A tabela a seguir identifica a função de cada porta.
Protocolo
Portas
Função
TCP/UDP
53
Domain Name System (DNS)
TCP/UDP
88
Autenticação de Kerberos
TCP/UDP
389
Protocolo Lightweight Directory Access Protocol (LDAP)
TCP
445
Compartilhamento de arquivos SMB do Directory Services
TCP/UDP
464
Alterar/definir senha
TCP
636
Protocolo leve de acesso ao diretório sobre TLS/SSL (LDAPS)
-
Certifique-se de que essas regras de tráfego também sejam espelhadas nos firewalls que se aplicam a cada um dos controladores de domínio do Active Directory, servidores DNS, clientes FSx e administradores FSx.
Importante Embora os grupos de segurança do Amazon VPC exijam que as portas sejam abertas somente na direção em que o tráfego de rede é iniciado, a maioria dos firewalls do Windows e das ACLs de rede VPC exigem que as portas sejam abertas em ambas as direções.
-
-
Uma conta de serviço em seu Microsoft AD autogerenciado com permissões delegadas para unir computadores ao domínio. Uma conta de serviço é uma conta de usuário em seu Microsoft AD autogerenciado que recebeu determinadas tarefas.
A conta de serviço também precisa, no mínimo, receber as seguintes permissões na OU à qual você está ingressando no sistema de arquivos:
-
Capacidade de redefinir senhas
-
Capacidade de restringir contas de ler e gravar dados
-
Capacidade validada de gravar no nome do host DNS
-
Capacidade validada de escrever no nome principal do serviço
-
Tenha controle delegado para criar e excluir objetos de computador
-
Capacidade validada de ler e gravar restrições de conta
Eles representam o conjunto mínimo de permissões necessárias para unir objetos de computador ao seu Active Directory. Para obter mais informações, consulte o tópico Erro na documentação do Microsoft Windows Server: O acesso é negado quando usuários não administradores que receberam o controle delegado tentam unir computadores a um controlador de domínio
. -
Para saber mais sobre como criar uma conta de serviço com credenciais de serviço com credenciais de permissões corretas, consulteDelegando privilégios à sua conta de serviço Amazon FSx.

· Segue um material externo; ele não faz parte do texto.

(* Let $f(x,y;\theta)$ be a scalar function, differentiable in $\theta$ and $y$, and fix points $y^1,\ldots,y^k \in (0,1)^n$. Let $G\in\mathbb{R}^{k\times n}$ have rows $g_i^T = \nabla_y f(x,y^i;\theta)^T$ and $h\in\mathbb{R}^k$ have entries $h_i = f(x,y^i;\theta) - \nabla_y f(x,y^i;\theta)^T y^i$. Let $\hat y(x;\theta)$ be the $y$-component of the solution of $$\min_{y,t}\; t - H(y) \quad\text{s.t.}\quad Gy + h \le t\mathbf{1},$$ where $H(y) = -\sum_{j=1}^n\big(y_j\log y_j + (1-y_j)\log(1-y_j)\big)$, and let $\lambda\in\mathbb{R}^k$ be the optimal dual variable (all $k$ constraints being active at the solution). For a differentiable loss $\ell(\hat y, y^\star)$, the gradient of $\ell(\hat y(x;\theta),y^\star)$ with respect to $\theta$ is $$\nabla_\theta \ell(\hat y(x;\theta),y^\star) = \sum_{i=1}^k\Big( c^\lambda_i \nabla_\theta f(x,y^i;\theta) + \nabla_\theta\Big(\nabla_y f(x,y^i;\theta)^T\big(\lambda_i c^y + c^\lambda_i(\hat y(x;\theta) - y^i)\big)\Big)\Big),$$ where $(c^y, c^\lambda, c^t)\in\mathbb{R}^n\times\mathbb{R}^k\times\mathbb{R}$ solve the linear system $$\begin{bmatrix} D & G^T & 0\\ G & 0 & -\mathbf{1}\\ 0 & -\mathbf{1}^T & 0\end{bmatrix}\begin{bmatrix} c^y\\ c^\lambda\\ c^t\end{bmatrix} = \begin{bmatrix} -\nabla_{\hat y}\ell(\hat y,y^\star)\\ 0\\ 0\end{bmatrix},\qquad D = \operatorname{diag}\!\left(\frac{1}{\hat y}+\frac{1}{1-\hat y}\right).$$
   Context: This is the setting of the "bundle entropy method" for approximately minimizing $f(x,y;\theta) - H(y)$ over $y\in[0,1]^n$: $y^i$ is the iterate produced at the $i$-th iteration, and the cutting planes $g_i^T y + h_i$ are first-order approximations of $f(x,\cdot;\theta)$ at $y^i$; $\hat y(x;\theta)$ is the approximate minimizer returned at the last iteration, and $k$ is the number of active cutting planes kept. In the gradient, $\hat y$ depends on $\theta$ through $G$ and $h$ (the points $y^i$ are held fixed), and the term $\nabla_\theta(\nabla_y f(x,y^i;\theta)^T v)$ denotes the gradient in $\theta$ of the scalar $\nabla_y f(x,y^i;\theta)^T v$ with the vector $v$ held fixed. The fraction in $D$ is taken elementwise; $\mathbf{1}$ denotes the all-ones vector; the linear system is assumed nonsingular. *)

theory Defs
  imports "HOL-Analysis.Analysis"
begin

definition grad :: "('a::real_inner \<Rightarrow> real) \<Rightarrow> 'a \<Rightarrow> 'a" where
  "grad f a = (THE D. GDERIV f a :> D)"

text \<open>Binary entropy H(y) = - sum_j (y_j log y_j + (1 - y_j) log (1 - y_j)), with 0 log 0 = 0
  (which is Isabelle's convention since ln 0 = 0).\<close>
definition entropy :: "real^'n \<Rightarrow> real" where
  "entropy y = - (\<Sum>j\<in>UNIV. y$j * ln (y$j) + (1 - y$j) * ln (1 - y$j))"

definition unit_box :: "(real^'n) set" where
  "unit_box = {y. \<forall>j. 0 \<le> y$j \<and> y$j \<le> 1}"

definition Gmat :: "('x \<Rightarrow> real^'n \<Rightarrow> 'p \<Rightarrow> real) \<Rightarrow> 'x \<Rightarrow> ('k \<Rightarrow> real^'n) \<Rightarrow> 'p \<Rightarrow> real^'n^'k" where
  "Gmat f x ys \<theta> = (\<chi> i. grad (\<lambda>y. f x y \<theta>) (ys i))"

definition hvec :: "('x \<Rightarrow> real^'n \<Rightarrow> 'p \<Rightarrow> real) \<Rightarrow> 'x \<Rightarrow> ('k \<Rightarrow> real^'n) \<Rightarrow> 'p \<Rightarrow> real^'k" where
  "hvec f x ys \<theta> = (\<chi> i. f x (ys i) \<theta> - (Gmat f x ys \<theta> $ i) \<bullet> ys i)"

definition bundle_feasible :: "real^'n^'k \<Rightarrow> real^'k \<Rightarrow> real^'n \<Rightarrow> real \<Rightarrow> bool" where
  "bundle_feasible G h y t \<longleftrightarrow> y \<in> unit_box \<and> (\<forall>i. (G *v y + h) $ i \<le> t)"

definition bundle_solution :: "real^'n^'k \<Rightarrow> real^'k \<Rightarrow> real^'n \<Rightarrow> real \<Rightarrow> bool" where
  "bundle_solution G h y t \<longleftrightarrow> bundle_feasible G h y t \<and>
     (\<forall>y' t'. bundle_feasible G h y' t' \<longrightarrow> t - entropy y \<le> t' - entropy y')"

definition bundle_lagrangian :: "real^'n^'k \<Rightarrow> real^'k \<Rightarrow> real^'k \<Rightarrow> real^'n \<Rightarrow> real \<Rightarrow> real" where
  "bundle_lagrangian G h lam y t = t - entropy y + lam \<bullet> (G *v y + h - (\<chi> i. t))"

definition bundle_opt_dual :: "real^'n^'k \<Rightarrow> real^'k \<Rightarrow> real^'n \<Rightarrow> real \<Rightarrow> real^'k \<Rightarrow> bool" where
  "bundle_opt_dual G h y t lam \<longleftrightarrow> (\<forall>i. 0 \<le> lam $ i) \<and>
     (\<forall>y'\<in>unit_box. \<forall>t'. bundle_lagrangian G h lam y t \<le> bundle_lagrangian G h lam y' t') \<and>
     (\<forall>i. lam $ i * ((G *v y + h) $ i - t) = 0)"

text \<open>The block matrix [[D, G^T, 0], [G, 0, -1], [0, -1^T, 0]], D = diag(1/y + 1/(1-y)),
  indexed by 'n + ('k + unit).\<close>
definition kkt_matrix :: "real^'n^'k \<Rightarrow> real^'n \<Rightarrow> real^('n + ('k + unit))^('n + ('k + unit))" where
  "kkt_matrix G y = (\<chi> r c. case (r, c) of
      (Inl a, Inl b) \<Rightarrow> (if a = b then 1 / y$a + 1 / (1 - y$a) else 0)
    | (Inl a, Inr (Inl i)) \<Rightarrow> G $ i $ a
    | (Inl a, Inr (Inr _)) \<Rightarrow> 0
    | (Inr (Inl i), Inl b) \<Rightarrow> G $ i $ b
    | (Inr (Inl i), Inr (Inl j)) \<Rightarrow> 0
    | (Inr (Inl i), Inr (Inr _)) \<Rightarrow> -1
    | (Inr (Inr _), Inl b) \<Rightarrow> 0
    | (Inr (Inr _), Inr (Inl j)) \<Rightarrow> -1
    | (Inr (Inr _), Inr (Inr _)) \<Rightarrow> 0)"

definition stack3 :: "real^'n \<Rightarrow> real^'k \<Rightarrow> real \<Rightarrow> real^('n + ('k + unit))" where
  "stack3 u v s = (\<chi> r. case r of Inl a \<Rightarrow> u$a | Inr (Inl i) \<Rightarrow> v$i | Inr (Inr _) \<Rightarrow> s)"

end

theory Submission
  imports Defs
begin

text \<open>Dual optimality forces \<open>\<Sum>i. lam i = 1\<close> and \<open>yhat = sigmoid (lam v* G)\<close> coordinatewise,
  so \<open>(yhat, lam, tt)\<close> is a zero of the residual \<open>(ln y - ln (1 - y) + l v* G, G y + h - t 1, 1 - \<Sum>i. l i)\<close>,
  whose Jacobian in \<open>(y, l, t)\<close> is the KKT matrix \<open>K\<close>. Nonsingularity of \<open>K\<close> and strict convexity
  of the entropy make the multiplier unique; compactness of the simplex turns uniqueness into
  continuity of \<open>(yhat, lam, tt)\<close>, and an implicit function argument then gives the derivative of
  \<open>yhat\<close> as the first block of \<open>-K\<inverse>\<close> applied to the \<open>\<theta>\<close>-derivative of the residual. Pairing with
  the loss gradient and using the symmetry of \<open>K\<close> moves \<open>K\<inverse>\<close> onto the loss side, where it
  produces \<open>(cy, clam, ct)\<close>.\<close>

lemma has_gderiv_grad:
  fixes \<phi> :: "'a::euclidean_space \<Rightarrow> real"
  assumes "\<phi> differentiable (at a)"
  shows "GDERIV \<phi> a :> grad \<phi> a"
proof -
  obtain D where D: "(\<phi> has_derivative D) (at a)"
    using assms differentiable_def by blast
  have ex: "GDERIV \<phi> a :> adjoint D 1"
    using D adjoint_works[OF has_derivative_linear[OF D], of _ 1] by (simp add: gderiv_def)
  have "d = adjoint D 1" if "GDERIV \<phi> a :> d" for d
    using has_derivative_unique[OF that[unfolded gderiv_def] ex[unfolded gderiv_def]]
    by (metis vector_eq_ldot)
  then show ?thesis
    unfolding grad_def using ex by (metis theI)
qed

lemma has_derivative_vec_lambda:
  fixes c :: "'m::finite \<Rightarrow> 'a::real_normed_vector \<Rightarrow> 'b::euclidean_space"
  assumes "\<And>i. (c i has_derivative c' i) (at a within S)"
  shows "((\<lambda>x. \<chi> i. c i x) has_derivative (\<lambda>h. \<chi> i. c' i h)) (at a within S)"
proof (subst has_derivative_componentwise_within, intro ballI)
  fix b :: "'b^'m" assume "b \<in> Basis"
  then have "b \<in> (\<Union>i. \<Union>u\<in>Basis. {axis i u})"
    by (simp only: Basis_vec_def)
  then obtain i e where b: "b = axis i e" and e: "e \<in> Basis"
    by blast
  have "((\<lambda>x. c i x \<bullet> e) has_derivative (\<lambda>h. c' i h \<bullet> e)) (at a within S)"
    using has_derivative_componentwise_within[THEN iffD1, OF assms[of i]] e by blast
  then show "((\<lambda>x. (\<chi> i. c i x) \<bullet> b) has_derivative (\<lambda>h. (\<chi> i. c' i h) \<bullet> b)) (at a within S)"
    unfolding b inner_axis vec_lambda_beta .
qed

O Amazon FSx exige uma conta de serviço válida durante toda a vida útil do sistema de arquivos do Amazon FSx. O Amazon FSx deve ser capaz de gerenciar totalmente o sistema de arquivos e realizar tarefas que exijam a desassociação e a reintegração de seu domínio do Active Directory usando, como substituir um arquivo SVM com defeito ou corrigir o software NetApp ONTAP. Mantenha sua configuração do Active Directory, incluindo as credenciais da conta de serviço, atualizada com o Amazon FSx. Para saber como, consulte Mantendo sua configuração do Active Directory atualizada com o Amazon FSx.
Se esta for a primeira vez que você está utilizando oAWS FSx for ONTAP, certifique-se de configurar antes de começar. Para obter mais informações, consulteConfigurando o FSx para ONTAP
Não mova objetos de computador que o Amazon FSx cria na OU após a criação de suas SVMs nem exclua seu Active Directory enquanto seu SVM estiver unido a ele. Isso fará com que seus SVMs fiquem mal configurados.